Even on a day-to-day level, we are good friends but I wouldn't say there is a deep emotional connection. On the outside many tell us we are the perfect couple (nice home, good jobs, affectionate and never fight) but the feeling of something missing is always in the back of my head, and I worry about bringing kids into the picture. Is this something that could still develop even after 7 years together? I wish I could ask my parents their secret but I dont want to let them know there is "trouble in paradise"  I feel like we've got all the right ingredients to bake a great cake but for some reason the oven wont turn on. 

Thank you all!


----------



## thatbpguy (Dec 24, 2012)

I used to be a mod on an infidelity message board before it got blown up and there was a lady just like you. Exactly, exept had a couple little kids. She got to the point where she had to find out so she had a brief betrayal with some guy at her work reported to be quite the stud in bed. She said the sex was lousy. Her husband found out and after 2 long years of watching him fall apart and her kids always crying... he finally divorced her. And she seemed very contrite to me. She was deeply sad to lose her marriage and damage the kids, and lose a loving husband who ended up being a much better lover than Mr. Bed Right. 

The moral of this true story is keep looking at home for any answers to your questions. I realize you're not talking about betraying your husband, but I just wanted to pass this along.


----------



## Maneo (Dec 4, 2012)

have you ever felt the sort of spark or deep emotional connection with anyone? has your husband?
are you happy? is he happy so far as you can tell? not just comfortable, not just surviving, not complacent but happy overall?
if the answer is yes, does the absence of the spark matter that you can't imagine living the rest of your life without experiencing it?


----------



## Mavash. (Jan 26, 2012)

I've been married for 21 years. The first time my husband kissed me I felt this charge, this connection, this passion that I'd never ever felt before. The 'spark' we both felt was something that great love stories are made of.

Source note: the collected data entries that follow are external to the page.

lemma min_gens_real_power_subset_C_set:
  fixes I :: "('n::finite \<Rightarrow> nat) set"
  assumes I: "monomial_ideal I" and p: "0 < p" and q: "0 < q"
  shows "min_gens (real_power I (real p / real q)) \<subseteq> {a. emb a \<in> C_set I p q}"
proof
  define r where "r = real p / real q"
  define s where "s = real CARD('n) - 1 / real q"
  have r: "0 < r" using p q by (simp add: r_def)
  fix a assume a: "a \<in> min_gens (real_power I (real p / real q))"
  then have "emb a \<in> (\<lambda>y. r *\<^sub>R y) ` NP I"
    using min_gens_gen_ideal_subset unfolding real_power_def r_def by blast
  then obtain x where x: "x \<in> newton_polytope I" and below: "r *\<^sub>R x \<le> emb a"
    and tight: "(\<exists>g\<in>min_gens I. x = emb g) \<or> (\<exists>j. (r *\<^sub>R x) $ j = emb a $ j)"
    using scaled_NP_tight_point_below[OF I r] by blast
  define w where "w = emb a - r *\<^sub>R x"
  have "0 \<le> w" using below by (simp add: w_def)
  have w_lt: "\<forall>i. w $ i < 1"
    using min_gens_real_power_residual_lt_one[OF I r _ x below] a by (simp add: w_def r_def)
  have "(\<Sum>i\<in>UNIV. w $ i) \<le> s"
    using tight
  proof
    assume "\<exists>g\<in>min_gens I. x = emb g"
    then obtain g where "x = emb g" by blast
    then have "real q * w $ i = of_int (int (q * a i) - int (p * g i))" for i
      using q by (simp add: w_def r_def field_simps)
    then have "(\<Sum>i\<in>UNIV. w $ i) \<le> real CARD('n) * (1 - 1 / real q)"
      using sum_le_card_mult_of_lt_one_Ints[OF q w_lt] by simp
    also have "\<dots> \<le> s"
      by (simp add: s_def algebra_simps divide_right_mono)
    finally show ?thesis .
  next
    assume "\<exists>j. (r *\<^sub>R x) $ j = emb a $ j"
    then obtain j where "(r *\<^sub>R x) $ j = emb a $ j" ..
    then have "w $ j = 0" by (simp add: w_def)
    then have "(\<Sum>i\<in>UNIV. w $ i) \<le> real CARD('n) - 1"
      using sum_le_card_minus_one_of_lt_one_zero w_lt by blast
    also have "\<dots> \<le> s"
      using q by (simp add: s_def)
    finally show ?thesis .
  qed
  with card_minus_inverse_nonneg[OF q] \<open>0 \<le> w\<close> have "w \<in> (\<lambda>v. s *\<^sub>R v) ` unit_simplex"
    unfolding s_def by (rule nonneg_in_scaled_unit_simplex)
  moreover have "emb a = r *\<^sub>R x + w" by (simp add: w_def)
  ultimately show "a \<in> {a. emb a \<in> C_set I p q}"
    using x unfolding C_set_def minkowski_sum_def r_def [symmetric] s_def [symmetric] by blast
qed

I'm of the belief that either it's there or it isn't. It cannot be manufactured and without it long term marriage is hard. Without the 'spark' I would have never made it this far. 

Just my .02 though. Your mileage may vary.


----------



## gbrad (Jul 20, 2010)

I have a similar amount of time in the time with my wife and there was never a spark for me. There still is not. In the beginning I told myself I could make it work and everything else could outweigh that lacking. I was wrong.


----------



## 1234 (Dec 14, 2012)

Hi im looking for some advice.

I have been with my wife 17 years married for 12, we have 3 great kids 12 year old girl and twin boys that are 9.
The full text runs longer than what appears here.